Cc: Linux Memory Management <linux-mm@kvack.org>
Cc: Linux Filesystems <linux-fsdevel@vger.kernel.org>
Signed-off-by: Nick Piggin <npiggin@suse.de>
mm/filemap.c | 36 +++++--------------
mm/filemap.h | 104 +++++++++++++++++++++++++++----------------------------
mm/filemap_xip.c | 17 +++-----
3 files changed, 69 insertions(+), 88 deletions(-)
Index: linux-2.6/mm/filemap.h
===================================================================
--- linux-2.6.orig/mm/filemap.h
+++ linux-2.6/mm/filemap.h
@@ -22,82 +22,82 @@ __filemap_copy_from_user_iovec_inatomic(
/*
* Copy as much as we can into the page and return the number of bytes which
- * were sucessfully copied.
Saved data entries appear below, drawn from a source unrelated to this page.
text \<open>\<open>N\<close> divides \<open>4 = 4(a\<^sup>2 + 1) - (2a)\<^sup>2\<close>, which leaves \<open>N = 4\<close>; but then \<open>a\<close> is even
  and \<open>a\<^sup>2 + 1\<close> is odd.\<close>
lemma not_dvd_double_and_square_plus_one:
  fixes a :: int
  assumes "N > 2" and "int N dvd 2*a" and "int N dvd a*a + 1"
  shows False
proof -
  have "int N dvd 4*(a*a + 1)"
    using assms(3) by (rule dvd_mult)
  moreover have "int N dvd (2*a)*(2*a)"
    using assms(2) by (rule dvd_mult2)
  ultimately have "int N dvd 4*(a*a + 1) - (2*a)*(2*a)"
    by (rule dvd_diff)
  then have "int N dvd int 4"
    by (simp add: algebra_simps)
  then have "N dvd 4"
    by (simp only: int_dvd_int_iff)
  moreover from this have "N \<noteq> 3" by auto
  ultimately have "N = 4"
    using assms(1) dvd_imp_le[of N 4] by linarith
  then obtain k where "2*a = 4*k"
    using assms(2) by auto
  then have "even a" by presburger
  moreover have "even (a*a + 1)"
    using \<open>N = 4\<close> assms(3) dvd_trans[of 2 4 "a*a + 1"] by simp
  ultimately show False by simp
qed

lemma no_trace_zero_reflection_mod_level:
  fixes a b c p q r :: int
  assumes "N > 2" and "int N dvd c" and "int N dvd r"
    and "-a*a - b*c = 1" and "p*p - q*r = 1" and "2*p*a + q*c - r*b = 0"
  shows False
proof -
  have "coprime (int N) p"
  proof (rule coprimeI)
    fix k assume "k dvd int N" "k dvd p"
    then have "k dvd p*p - q*r"
      using assms(3) by (meson dvd_diff dvd_mult dvd_mult2 dvd_trans)
    then show "is_unit k"
      using assms(5) by simp
  qed
  moreover have "int N dvd p*(2*a)"
  proof -
    have "p*(2*a) = r*b - q*c" using assms(6) by (simp add: algebra_simps)
    then show ?thesis using assms(2,3) by (simp add: dvd_diff dvd_mult)
  qed
  ultimately have "int N dvd 2*a"
    using coprime_dvd_mult_right_iff by blast
  moreover have "int N dvd a*a + 1"
  proof -
    have "a*a + 1 = -(b*c)" using assms(4) by simp
    then show ?thesis using assms(2) by simp
  qed
  ultimately show False
    using not_dvd_double_and_square_plus_one assms(1) by blast
qed

theorem proposition5p11:
  fixes G :: "mat2 set set" and N :: nat
  assumes "real_congruence_group_c0 G"
    and "N > 2" and "G \<subseteq> Gamma0 N"
  shows "\<not> (\<exists>z \<in> uhp. elliptic_even G z \<and> real_point_c0 G z)"
proof
  assume "\<exists>z \<in> uhp. elliptic_even G z \<and> real_point_c0 G z"
  then obtain z where "elliptic_even G z" "real_point_c0 G z" by blast
  have G: "subgroup G PSL2Z"
    using assms(1) by (simp add: real_congruence_group_c0_def)
  obtain a b c where X: "pclass (a,b,c,-a) \<in> G" "-a*a - b*c = 1" "moeb (a,b,c,-a) z = z"
    using elliptic_even_obtains_trace_zero[OF G \<open>elliptic_even G z\<close>] by blast
  obtain h where "h \<in> G" and h: "act h z = c0 z"
    using real_point_c0_obtains[OF G \<open>real_point_c0 G z\<close>] by blast
  then obtain p q r s where "h = pclass (p,q,r,s)" "p*s - q*r = 1" "int N dvd r"
    using assms(3) by (blast elim: Gamma0E)
  moreover have "Im z > 0"
    using \<open>elliptic_even G z\<close> by (simp add: elliptic_even_def uhp_def)
  ultimately have "p = s" "2*p*a + q*c - r*b = 0"
    using trace_zero_fixed_point_c0_image[OF _ X(2) _ X(3)] h by (simp_all add: act_pclass)
  moreover have "int N dvd c"
    using X(1) assms(3) by (blast intro: pclass_in_Gamma0_dvd)
  ultimately show False
    using no_trace_zero_reflection_mod_level[OF assms(2) _ \<open>int N dvd r\<close> X(2)] \<open>p*s - q*r = 1\<close>
    by simp
qed

end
If a fault is encountered then clear the page
- * out to (offset+bytes) and return the number of bytes which were copied.
- *
- * NOTE: For this to work reliably we really want copy_from_user_inatomic_nocache
- * to *NOT* zero any tail of the buffer that it failed to copy. If it does,
- * and if the following non-atomic copy succeeds, then there is a small window
- * where the target page contains neither the data before the write, nor the
- * data after the write (it contains zero). A read at this time will see
- * data that is inconsistent with any ordering of the read and the write.
- * (This has been detected in practice).
+ * were sucessfully copied. If a fault is encountered then return the number of
+ * bytes which were copied.
*/
static inline size_t
-filemap_copy_from_user(struct page *page, unsigned long offset,
- const char __user *buf, unsigned bytes)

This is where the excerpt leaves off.